Welding ceramic work pieces successfully has been a fundamental challenge as it requires very high temperatures and the extreme temperature gradients produced can easily cause the material to crack. Ceramics are of great interest because they are biocompatible, extremely hard and unbreakable, making them ideal for use with biomedical implants and as enclosures for electronic systems. However, the methods used currently for bonding makes their use impractical.
Pulses are the keyThe solution is to deliver a series of short laser pulses along the join between two ceramic parts so that the heat is applied locally to form a pool of molten ceramic. For this to be successful its necessary to carefully control the laser parameters (exposure time, number of laser pulses and pulse duration) and the transparency of the ceramic material. With the right combination, the laser energy is easily absorbed, so that welds with relatively low laser power of <50 W can be performed at room temperature.
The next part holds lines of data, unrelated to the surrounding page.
(* Let $K:X\times X\to\mathbb{C}$ be positive definite and assume that the matrix $K_F=(K(y,z))_{y,z\in F}$ is invertible for every finite $F\subset X$. Let $x\in X$. Then $\delta_x\in\mathscr{H}(K)$ if and only if $\sup\{(K_F^{-1})_{x,x}: F\subset X\text{ finite},\ x\in F\}<\infty$, and in that case $\|\delta_x\|^2_{\mathscr{H}(K)}$ equals this supremum.
   Context: $\delta_x$ is the function on $X$ equal to $1$ at $x$ and $0$ elsewhere; $\mathscr{H}(K)$ is the reproducing kernel Hilbert space of $K$ (completion of span of $K(\cdot,x)$ with $\langle K(\cdot,x),K(\cdot,y)\rangle=K(x,y)$, reproducing property $\langle K(\cdot,x),h\rangle=h(x)$). *)

theory Defs
  imports Complex_Main
begin

text \<open>A finite linear combination \<Sum>x\<in>S. c x K(\<cdot>,x) is represented by a finite set S
and coefficients c (only values on S matter).\<close>

definition qform :: "('a \<Rightarrow> 'a \<Rightarrow> complex) \<Rightarrow> 'a set \<Rightarrow> ('a \<Rightarrow> complex) \<Rightarrow> complex" where
  "qform K S c = (\<Sum>x\<in>S. \<Sum>y\<in>S. cnj (c x) * c y * K x y)"

definition pos_def_kernel :: "('a \<Rightarrow> 'a \<Rightarrow> complex) \<Rightarrow> bool" where
  "pos_def_kernel K \<longleftrightarrow> (\<forall>S c. finite S \<longrightarrow> Im (qform K S c) = 0 \<and> Re (qform K S c) \<ge> 0)"

definition kfun :: "('a \<Rightarrow> 'a \<Rightarrow> complex) \<Rightarrow> 'a set \<Rightarrow> ('a \<Rightarrow> complex) \<Rightarrow> 'a \<Rightarrow> complex" where
  "kfun K S c = (\<lambda>y. \<Sum>x\<in>S. c x * K y x)"

definition restr :: "'a set \<Rightarrow> ('a \<Rightarrow> complex) \<Rightarrow> 'a \<Rightarrow> complex" where
  "restr S c = (\<lambda>x. if x \<in> S then c x else 0)"

definition diff_norm2 :: "('a \<Rightarrow> 'a \<Rightarrow> complex) \<Rightarrow> 'a set \<Rightarrow> ('a \<Rightarrow> complex) \<Rightarrow> 'a set \<Rightarrow> ('a \<Rightarrow> complex) \<Rightarrow> real" where
  "diff_norm2 K S c T d = Re (qform K (S \<union> T) (\<lambda>x. restr S c x - restr T d x))"

text \<open>The completion H(K) is realised as the set of such
pointwise limits (standard realisation of the completion as functions on X).\<close>
definition approx_seq :: "('a \<Rightarrow> 'a \<Rightarrow> complex) \<Rightarrow> ('a \<Rightarrow> complex) \<Rightarrow> (nat \<Rightarrow> 'a set) \<Rightarrow> (nat \<Rightarrow> 'a \<Rightarrow> complex) \<Rightarrow> bool" where
  "approx_seq K f S c \<longleftrightarrow> (\<forall>n. finite (S n)) \<and>
     (\<forall>e>0. \<exists>N. \<forall>m\<ge>N. \<forall>n\<ge>N. diff_norm2 K (S m) (c m) (S n) (c n) < e) \<and>
     (\<forall>y. (\<lambda>n. kfun K (S n) (c n) y) \<longlonglongrightarrow> f y)"
(* Let $\alpha\in(0,1]$, $d,p\in\mathbb N$ and $f\in C^{3,\alpha}([0,1]^d,\mathbb R^p)$. Then there exists a sequence of deep neural networks $h_n\in C^{2,1}([0,1]^d,\mathbb R^p)$, $n\in\mathbb N$, with ReCU activation such that $\|f-h_n\|_{C^{2,1}([0,1]^d,\mathbb R^p)}\to0$ as $n\to\infty$.
   Context: For $k\in\mathbb N_0$, $C^k([0,1]^d,\mathbb R^m)$ is the set of $f\colon[0,1]^d\to\mathbb R^m$ that are $C^k$ on $(0,1)^d$ with all partial derivatives $\nabla^\gamma f_i$, $|\gamma|\le k$, uniformly continuous on $(0,1)^d$ (hence continuously extended to $[0,1]^d$), with norm $\|f\|_{C^k}=\max_{|\gamma|\le k}\max_i\sup_{x\in[0,1]^d}|\nabla^\gamma f_i(x)|$. For $\alpha\in(0,1]$, $C^{k,\alpha}([0,1]^d,\mathbb R^m)$ consists of $f\in C^k$ with $\|f\|_{C^{k,\alpha}}=\|f\|_{C^k}+\max_{|\gamma|=k}\max_i\sup_{x\ne y\in(0,1)^d}\frac{|\nabla^\gamma f_i(x)-\nabla^\gamma f_i(y)|}{\|x-y\|^\alpha}<\infty$. A neural network with architecture $(l_0,\dots,l_L)\in\mathbb N^{L+1}$ and activation $\sigma$ is a tuple $((W_1,B_1),\dots,(W_L,B_L))$, $W_k\in\mathbb R^{l_k\times l_{k-1}}$, $B_k\in\mathbb R^{l_k}$, realizing $x_0\mapsto W_Lx_{L-1}+B_L$ where $x_k=\sigma(W_kx_{k-1}+B_k)$ for $k=1,\dots,L-1$ and $\sigma$ acts componentwise. ReCU activation is $\sigma(x)=(\max\{x,0\})^3$; ReLU activation is $\sigma(x)=\max\{x,0\}$. Networks are identified with their realizations restricted to $[0,1]^d$. *)

theory Defs
  imports "HOL-Analysis.Analysis"
begin

text \<open>Points of [0,1]^d are represented as functions nat => real whose
coordinates with index >= d vanish; values in R^p as nat => real read at indices < p.\<close>

definition open_cube :: "nat \<Rightarrow> (nat \<Rightarrow> real) set" where
  "open_cube d = {x. (\<forall>i<d. 0 < x i \<and> x i < 1) \<and> (\<forall>i\<ge>d. x i = 0)}"

definition edist :: "nat \<Rightarrow> (nat \<Rightarrow> real) \<Rightarrow> (nat \<Rightarrow> real) \<Rightarrow> real" where
  "edist d x y = sqrt (\<Sum>i<d. (x i - y i)^2)"

definition pdiff :: "nat \<Rightarrow> ((nat \<Rightarrow> real) \<Rightarrow> real) \<Rightarrow> (nat \<Rightarrow> real) \<Rightarrow> real" where
  "pdiff i g x = (THE D. ((\<lambda>t. g (x(i := x i + t))) has_real_derivative D) (at 0))"

text \<open>Iterated partial derivative; the list gives the directions (last element applied first).\<close>
fun nabla :: "nat list \<Rightarrow> ((nat \<Rightarrow> real) \<Rightarrow> real) \<Rightarrow> (nat \<Rightarrow> real) \<Rightarrow> real" where
  "nabla [] g = g"
| "nabla (i # is) g = pdiff i (nabla is g)"

definition ucont_on :: "nat \<Rightarrow> (nat \<Rightarrow> real) set \<Rightarrow> ((nat \<Rightarrow> real) \<Rightarrow> real) \<Rightarrow> bool" where
  "ucont_on d U g \<longleftrightarrow> (\<forall>e>0. \<exists>\<delta>>0. \<forall>x\<in>U. \<forall>y\<in>U. edist d x y < \<delta> \<longrightarrow> \<bar>g x - g y\<bar> < e)"

definition is_Ck :: "nat \<Rightarrow> nat \<Rightarrow> nat \<Rightarrow> ((nat \<Rightarrow> real) \<Rightarrow> (nat \<Rightarrow> real)) \<Rightarrow> bool" where
  "is_Ck d p k f \<longleftrightarrow>
     (\<forall>c<p. \<forall>is. set is \<subseteq> {..<d} \<and> length is \<le> k \<longrightarrow>
        ucont_on d (open_cube d) (nabla is (\<lambda>x. f x c)) \<and>
        (length is < k \<longrightarrow> (\<forall>i<d. \<forall>x\<in>open_cube d.
           ((\<lambda>t. nabla is (\<lambda>x. f x c) (x(i := x i + t))) has_real_derivative
              nabla (i # is) (\<lambda>x. f x c) x) (at 0))))"

text \<open>C^k norm: sup over components, derivatives of order <= k and points
(sup over the open cube equals the sup of the continuous extension over [0,1]^d).\<close>
definition Ck_norm :: "nat \<Rightarrow> nat \<Rightarrow> nat \<Rightarrow> ((nat \<Rightarrow> real) \<Rightarrow> (nat \<Rightarrow> real)) \<Rightarrow> real" where
  "Ck_norm d p k f = Sup {\<bar>nabla is (\<lambda>x. f x c) x\<bar> | c is x.
      c < p \<and> set is \<subseteq> {..<d} \<and> length is \<le> k \<and> x \<in> open_cube d}"

definition holder_quots :: "nat \<Rightarrow> nat \<Rightarrow> nat \<Rightarrow> real \<Rightarrow> ((nat \<Rightarrow> real) \<Rightarrow> (nat \<Rightarrow> real)) \<Rightarrow> real set" where
  "holder_quots d p k \<alpha> f = {\<bar>nabla is (\<lambda>x. f x c) x - nabla is (\<lambda>x. f x c) y\<bar> / (edist d x y) powr \<alpha> | c is x y.
      c < p \<and> set is \<subseteq> {..<d} \<and> length is = k \<and> x \<in> open_cube d \<and> y \<in> open_cube d \<and> x \<noteq> y}"

definition is_Ck_alpha :: "nat \<Rightarrow> nat \<Rightarrow> nat \<Rightarrow> real \<Rightarrow> ((nat \<Rightarrow> real) \<Rightarrow> (nat \<Rightarrow> real)) \<Rightarrow> bool" where
  "is_Ck_alpha d p k \<alpha> f \<longleftrightarrow> is_Ck d p k f \<and> bdd_above (holder_quots d p k \<alpha> f)"

definition Ck_alpha_norm :: "nat \<Rightarrow> nat \<Rightarrow> nat \<Rightarrow> real \<Rightarrow> ((nat \<Rightarrow> real) \<Rightarrow> (nat \<Rightarrow> real)) \<Rightarrow> real" where
  "Ck_alpha_norm d p k \<alpha> f = Ck_norm d p k f + Sup (holder_quots d p k \<alpha> f)"

text \<open>Neural networks: architecture (l_0,...,l_L) as a list, layers (W_k,B_k) as a list,
matrices/vectors as functions on indices (only entries with row < l_k, column < l_{k-1} matter).\<close>
type_synonym layer = "(nat \<Rightarrow> nat \<Rightarrow> real) \<times> (nat \<Rightarrow> real)"

definition affine_map :: "nat \<Rightarrow> (nat \<Rightarrow> nat \<Rightarrow> real) \<Rightarrow> (nat \<Rightarrow> real) \<Rightarrow> (nat \<Rightarrow> real) \<Rightarrow> (nat \<Rightarrow> real)" where
  "affine_map n W B x = (\<lambda>i. (\<Sum>j<n. W i j * x j) + B i)"

fun nn_eval :: "(real \<Rightarrow> real) \<Rightarrow> nat list \<Rightarrow> layer list \<Rightarrow> (nat \<Rightarrow> real) \<Rightarrow> (nat \<Rightarrow> real)" where
  "nn_eval \<sigma> (n # ns) [(W, B)] x = affine_map n W B x"
| "nn_eval \<sigma> (n # ns) ((W, B) # l # ls) x = nn_eval \<sigma> ns (l # ls) (\<lambda>i. \<sigma> (affine_map n W B x i))"
| "nn_eval \<sigma> _ _ x = (\<lambda>_. 0)"

definition nn_arch_ok :: "nat \<Rightarrow> nat \<Rightarrow> nat list \<Rightarrow> layer list \<Rightarrow> bool" where
  "nn_arch_ok d p arch Ls \<longleftrightarrow> Ls \<noteq> [] \<and> length arch = length Ls + 1 \<and>
     (\<forall>l\<in>set arch. l > 0) \<and> hd arch = d \<and> last arch = p"

definition recu :: "real \<Rightarrow> real" where
  "recu x = (max x 0) ^ 3"

end

theory Submission
  imports Defs "HOL-Real_Asymp.Real_Asymp"
begin

text \<open>
  ReCU networks compute polynomials exactly. Since \<open>recu a - recu (- a) = a\<^sup>3\<close>, the identity is a
  fixed combination of ReCU units applied to \<open>x\<close> and \<open>x \<plusminus> 1\<close>, and by polarization of cubes the
  product \<open>u v\<close> is a combination of eight such units. As networks compose sequentially and in
  parallel, every polynomial in the coordinates, in particular every tensor-product Bernstein
  polynomial, is realized by a ReCU network.

  The Bernstein approximations of \<open>f\<close> of degree \<open>n\<close>, sampled at the interior grid points
  \<open>(k + 1) / (n + 2)\<close>, converge to \<open>f\<close> uniformly on the cube together with all partial derivatives
  of order at most three: a derivative of a Bernstein polynomial is the Bernstein polynomial of
  finite differences of the samples, these are derivatives of \<open>f\<close> at points near the nodes by the
  mean value theorem, and the Bernstein weights concentrate near \<open>x\<close> by Chebyshev's inequality.
  Finally, the \<open>C\<^sup>2\<^sup>,\<^sup>1\<close> norm of a \<open>C\<^sup>3\<close> function is at most \<open>d + 1\<close> times the supremum of its
  partial derivatives of order at most three, by the mean value theorem along coordinate paths.
\<close>

section \<open>ReCU networks\<close>

lemma recu_odd_part: "recu a - recu (- a) = a ^ 3"
  by (simp add: recu_def max_def)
Tests showed that 2 ps pulses at a repetition rate of 1 MHz with a moderate total number of pulses was ideal. The diameter of the melt is maximized and material ablation is minimized. In addition, no extreme temperature gradients occur over the entire work piece and cooling is fast.
To test the technique researchers welded a transparent cylindrical cap to the inside of a ceramic tube. The welded tube successfully withstood subsequent vacuum testing. Tests like this are used in industry to validate gaskets on electronic and optoelectronic devices. So far, this new welding technique has only been used with small ceramic parts <2 cm. The process is currently being optimized for larger scale use as well as for different material types and geometries.